Records for this exercise START

lemma DERIV_G_B_line:
  fixes v h :: "real^2"
  assumes "v + t *\<^sub>R h \<noteq> 0"
  shows "((\<lambda>s. G_B a b c d (v + s *\<^sub>R h) \<bullet> h) has_real_derivative
           G_B_form a b c d (v + t *\<^sub>R h) h / norm (v + t *\<^sub>R h) ^ 3) (at t)"
proof -
  define x where "x s = v + s *\<^sub>R h" for s
  define p where "p s = (a * (x s$1)^2 + b * (x s$2)^2) * x s$1 * h$1
                      + (c * (x s$1)^2 + d * (x s$2)^2) * x s$2 * h$2" for s
  define q where "q s = (x s$1)^2 + (x s$2)^2" for s
  define p' where "p' = (3 * a * (x t$1)^2 * h$1 + b * (x t$2)^2 * h$1 + 2 * b * x t$1 * x t$2 * h$2) * h$1
                      + (2 * c * x t$1 * x t$2 * h$1 + c * (x t$1)^2 * h$2 + 3 * d * (x t$2)^2 * h$2) * h$2"
  define q' where "q' = 2 * (x t$1 * h$1 + x t$2 * h$2)"
  have x_nth: "x s$i = v$i + s * h$i" for s i
    by (simp add: x_def)
  have norm_x: "norm (x s) = sqrt (q s)" for s
    by (simp add: q_def norm_real2)
  have "0 < q t"
    using assms norm_x[of t] by (metis real_sqrt_gt_0_iff zero_less_norm_iff x_def)
  have dp: "DERIV p t :> p'"
    unfolding p_def x_nth by (rule derivative_eq_intros refl)+ (simp add: p'_def x_nth algebra_simps power2_eq_square)
  have dq: "DERIV q t :> q'"
    unfolding q_def x_nth by (rule derivative_eq_intros refl)+ (simp add: q'_def x_nth algebra_simps)
  have "DERIV (\<lambda>s. sqrt (q s)) t :> inverse (sqrt (q t)) / 2 * q'"
    by (rule DERIV_chain2[OF DERIV_real_sqrt[OF \<open>0 < q t\<close>] dq])
  from DERIV_quotient[OF dp this]
  have "DERIV (\<lambda>s. p s / sqrt (q s)) t
          :> (p' * sqrt (q t) - p t * (inverse (sqrt (q t)) / 2 * q')) / sqrt (q t) ^ 2"
    using \<open>0 < q t\<close> by (simp add: mult.commute)
  moreover have "(p' * sqrt (q t) - p t * (inverse (sqrt (q t)) / 2 * q')) / sqrt (q t) ^ 2
      = (p' * q t - p t * q' / 2) / sqrt (q t) ^ 3"
    using \<open>0 < q t\<close> by (simp add: field_simps power2_eq_square power3_eq_cube)
  moreover have "p' * q t - p t * q' / 2 = G_B_form a b c d (x t) h"
    unfolding p'_def q'_def p_def q_def G_B_form_def by (simp add: algebra_simps power2_eq_square)
  ultimately show ?thesis
    by (simp add: inner_G_B p_def flip: norm_x x_def)
qed

lemma G_B_inner_diff_ge:
  assumes "0 \<le> \<mu>"
    and form_ge: "\<And>x h. \<mu> * norm x ^ 4 * norm h ^ 2 \<le> G_B_form a b c d x h"
  shows "\<mu> / 4 * norm (u - v) ^ 3 \<le> (G_B a b c d u - G_B a b c d v) \<bullet> (u - v)"
proof (cases "u = v")
  case False
  define h where "h = u - v"
  define \<phi> where "\<phi> s = G_B a b c d (v + s *\<^sub>R h) \<bullet> h" for s
  \<comment> \<open>the foot of the perpendicular from 0 to the line, the only place where it can meet 0\<close>
  define t0 where "t0 = - (v \<bullet> h) / (h \<bullet> h)"
  have "h \<noteq> 0"
    using False by (simp add: h_def)
  have dist_t0: "norm h * \<bar>t - t0\<bar> \<le> norm (v + t *\<^sub>R h)" for t
    using norm_line_ge[where v = v and h = h and t = t] by (simp add: t0_def)
  have "\<mu> * norm h ^ 3 * (1 - 0)^2 / 4 \<le> \<phi> 1 - \<phi> 0"
  proof (rule increment_ge_of_DERIV_ge_dist[where c = t0])
    show "0 \<le> \<mu> * norm h ^ 3"
      using \<open>0 \<le> \<mu>\<close> by simp
    have "isCont \<phi> t" for t
    proof (cases "v + t *\<^sub>R h = 0")
      case True
      have "isCont (\<lambda>s. v + s *\<^sub>R h) t"
        by (intro continuous_intros)
      moreover have "isCont (G_B a b c d) (v + t *\<^sub>R h)"
        using True isCont_G_B_zero by simp
      ultimately have "isCont (\<lambda>s. G_B a b c d (v + s *\<^sub>R h)) t"
        by (rule isCont_o2)
      then show ?thesis
        unfolding \<phi>_def by (intro continuous_intros)
    next
      case False
      then show ?thesis
        unfolding \<phi>_def by (rule DERIV_isCont[OF DERIV_G_B_line])
    qed
    then show "continuous_on {0..1} \<phi>"
      by (simp add: continuous_at_imp_continuous_on)
    fix t assume "t \<noteq> t0"
    define x where "x = v + t *\<^sub>R h"
    have "0 < norm h * \<bar>t - t0\<bar>"
      using \<open>h \<noteq> 0\<close> \<open>t \<noteq> t0\<close> by simp
    then have "0 < norm x"
      using dist_t0[of t] unfolding x_def by linarith
    have "\<mu> * norm h ^ 3 * \<bar>t - t0\<bar> = \<mu> * norm h ^ 2 * (norm h * \<bar>t - t0\<bar>)"
      by (simp add: power3_eq_cube power2_eq_square)
    also have "\<dots> \<le> \<mu> * norm h ^ 2 * norm x"
      using \<open>0 \<le> \<mu>\<close> by (intro mult_left_mono[OF dist_t0[of t, folded x_def]]) simp
    also have "\<dots> = \<mu> * norm x ^ 4 * norm h ^ 2 / norm x ^ 3"
      using \<open>0 < norm x\<close> by (simp add: power_numeral_reduce)
    also have "\<dots> \<le> G_B_form a b c d x h / norm x ^ 3"
      using \<open>0 < norm x\<close> form_ge by (simp add: divide_right_mono)
    finally show "DERIV \<phi> t :> G_B_form a b c d x h / norm x ^ 3
        \<and> \<mu> * norm h ^ 3 * \<bar>t - t0\<bar> \<le> G_B_form a b c d x h / norm x ^ 3"
      using DERIV_G_B_line[of v t h] \<open>0 < norm x\<close> unfolding \<phi>_def x_def by simp
  qed simp
  moreover have "\<phi> 1 - \<phi> 0 = (G_B a b c d u - G_B a b c d v) \<bullet> (u - v)"
    by (simp add: \<phi>_def h_def inner_diff_left)
  ultimately show ?thesis
    by (simp add: h_def)
qed simp

lemma G_B_form_scaleR: "G_B_form a b c d (r *\<^sub>R x) h = r ^ 4 * G_B_form a b c d x h"
  unfolding G_B_form_def by simp algebra

lemma G_B_form_ge_of_unit:
  assumes unit: "\<And>w h. norm w = 1 \<Longrightarrow> \<mu> * norm h ^ 2 \<le> G_B_form a b c d w h"
  shows "\<mu> * norm x ^ 4 * norm h ^ 2 \<le> G_B_form a b c d x h"
proof (cases "x = 0")
  case True
  then show ?thesis
    by (simp add: G_B_form_def)
next
  case False
  then have "x = norm x *\<^sub>R sgn x" "norm (sgn x) = 1"
    by (simp_all add: sgn_div_norm norm_sgn)
  then have "G_B_form a b c d x h = norm x ^ 4 * G_B_form a b c d (sgn x) h"
    by (metis G_B_form_scaleR)
  moreover have "norm x ^ 4 * (\<mu> * norm h ^ 2) \<le> norm x ^ 4 * G_B_form a b c d (sgn x) h"
    using unit[OF \<open>norm (sgn x) = 1\<close>] by (simp add: mult_left_mono)
  ultimately show ?thesis
    by (simp add: mult_ac)
qed

definition G_B_coeff11 :: "real \<Rightarrow> real \<Rightarrow> real^2 \<Rightarrow> real" where
  "G_B_coeff11 a b w = (w$2)^2 * (a * (w$1)^2 + b * (w$2)^2) + 2 * a * (w$1)^2"

definition G_B_coeff22 :: "real \<Rightarrow> real \<Rightarrow> real^2 \<Rightarrow> real" where
  "G_B_coeff22 c d w = (w$1)^2 * (c * (w$1)^2 + d * (w$2)^2) + 2 * d * (w$2)^2"

definition G_B_coupling :: "real \<Rightarrow> real \<Rightarrow> real \<Rightarrow> real \<Rightarrow> real^2 \<Rightarrow> real" where
  "G_B_coupling a b c d w = b + c - ((a * (w$1)^2 + b * (w$2)^2) + (c * (w$1)^2 + d * (w$2)^2)) / 2"

definition G_B_discriminant :: "real \<Rightarrow> real \<Rightarrow> real \<Rightarrow> real \<Rightarrow> real^2 \<Rightarrow> real" where
  "G_B_discriminant a b c d w =
     G_B_coeff11 a b w * G_B_coeff22 c d w - (w$1 * w$2 * G_B_coupling a b c d w)^2"

lemma G_B_form_unit:
  assumes "norm w = 1"
  shows "G_B_form a b c d w h = G_B_coeff11 a b w * (h$1)^2
           + 2 * (w$1 * w$2 * G_B_coupling a b c d w) * h$1 * h$2 + G_B_coeff22 c d w * (h$2)^2"
  using unit_real2[OF assms]
  by (simp add: G_B_form_def G_B_coeff11_def G_B_coeff22_def G_B_coupling_def algebra_simps)

lemma G_B_coeff11_pos:
  assumes "0 < a" "0 < b" "norm w = 1"
  shows "0 < G_B_coeff11 a b w"
proof (cases "w$1 = 0")
  case True
  then show ?thesis
    using assms unit_real2[OF assms(3)] by (simp add: G_B_coeff11_def)
next
  case False
  then show ?thesis
    using assms by (simp add: G_B_coeff11_def add_nonneg_pos)
qed

lemma G_B_coeff22_pos:
  assumes "0 < c" "0 < d" "norm w = 1"
  shows "0 < G_B_coeff22 c d w"
proof (cases "w$2 = 0")
  case True
  then show ?thesis
    using assms unit_real2[OF assms(3)] by (simp add: G_B_coeff22_def)
next
  case False
  then show ?thesis
    using assms by (simp add: G_B_coeff22_def add_nonneg_pos)
qed

lemma G_B_form_unit_ge:
  assumes "0 < a" "0 < b" "0 < c" "0 < d" "norm w = 1"
  shows "G_B_discriminant a b c d w / (G_B_coeff11 a b w + G_B_coeff22 c d w) * norm h ^ 2
           \<le> G_B_form a b c d w h"
  using quadratic_form_ge[of "G_B_coeff11 a b w" "G_B_coeff22 c d w"]
    G_B_coeff11_pos[of a b w] G_B_coeff22_pos[of c d w] assms
  by (simp add: G_B_form_unit G_B_discriminant_def norm_real2)

lemma G_B_form_unit_nonneg:
  assumes "0 < a" "0 < b" "0 < c" "0 < d" "norm w = 1" "0 \<le> G_B_discriminant a b c d w"
  shows "0 \<le> G_B_form a b c d w h"
proof -
  have "0 \<le> G_B_discriminant a b c d w / (G_B_coeff11 a b w + G_B_coeff22 c d w) * norm h ^ 2"
    using assms G_B_coeff11_pos[of a b w] G_B_coeff22_pos[of c d w] by simp
  then show ?thesis
    using G_B_form_unit_ge[OF assms(1-5)] by (rule order_trans)
qed

lemma G_B_discriminant_eq:
  assumes "0 \<le> a" "0 \<le> b" "0 \<le> c" "0 \<le> d" "norm w = 1"
  shows "G_B_discriminant a b c d w =
           (w$1 * w$2)^2 * ((2 * sqrt a * sqrt d + norm1 a b w * norm2 c d w)^2
                            - (G_B_coupling a b c d w)^2)
         + 2 * (sqrt d * (w$2)^2 * norm1 a b w - sqrt a * (w$1)^2 * norm2 c d w)^2"
proof -
  define X Y p q where "X = norm1 a b w" and "Y = norm2 c d w" and "p = sqrt a" and "q = sqrt d"
  have XY: "X^2 = a * (w$1)^2 + b * (w$2)^2" "Y^2 = c * (w$1)^2 + d * (w$2)^2"
    using assms by (simp_all add: X_def Y_def norm1_def norm2_def)
  have pq: "p^2 = a" "q^2 = d"
    using assms by (simp_all add: p_def q_def)
  have "G_B_coeff11 a b w = (w$2)^2 * X^2 + 2 * p^2 * (w$1)^2"
    unfolding G_B_coeff11_def XY pq ..
  moreover have "G_B_coeff22 c d w = (w$1)^2 * Y^2 + 2 * q^2 * (w$2)^2"
    unfolding G_B_coeff22_def XY pq ..
  moreover have "G_B_coupling a b c d w = b + c - (X^2 + Y^2) / 2"
    unfolding G_B_coupling_def XY ..
  moreover have "(w$1 * w$2)^2 = (w$1 * w$2)^2 * ((w$1)^2 + (w$2)^2)^2"
    using unit_real2[OF assms(5)] by simp
  ultimately show ?thesis
    unfolding G_B_discriminant_def X_def[symmetric] Y_def[symmetric] p_def[symmetric] q_def[symmetric]
    by (simp add: algebra_simps power2_eq_square)
qed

Records for this exercise END

### Required action
Return all lines in the entries above that carry the word "also".

### Result of this exercise
    also have "\<dots> \<le> \<mu> * norm h ^ 2 * norm x"
    also have "\<dots> = \<mu> * norm x ^ 4 * norm h ^ 2 / norm x ^ 3"
    also have "\<dots> \<le> G_B_form a b c d x h / norm x ^ 3"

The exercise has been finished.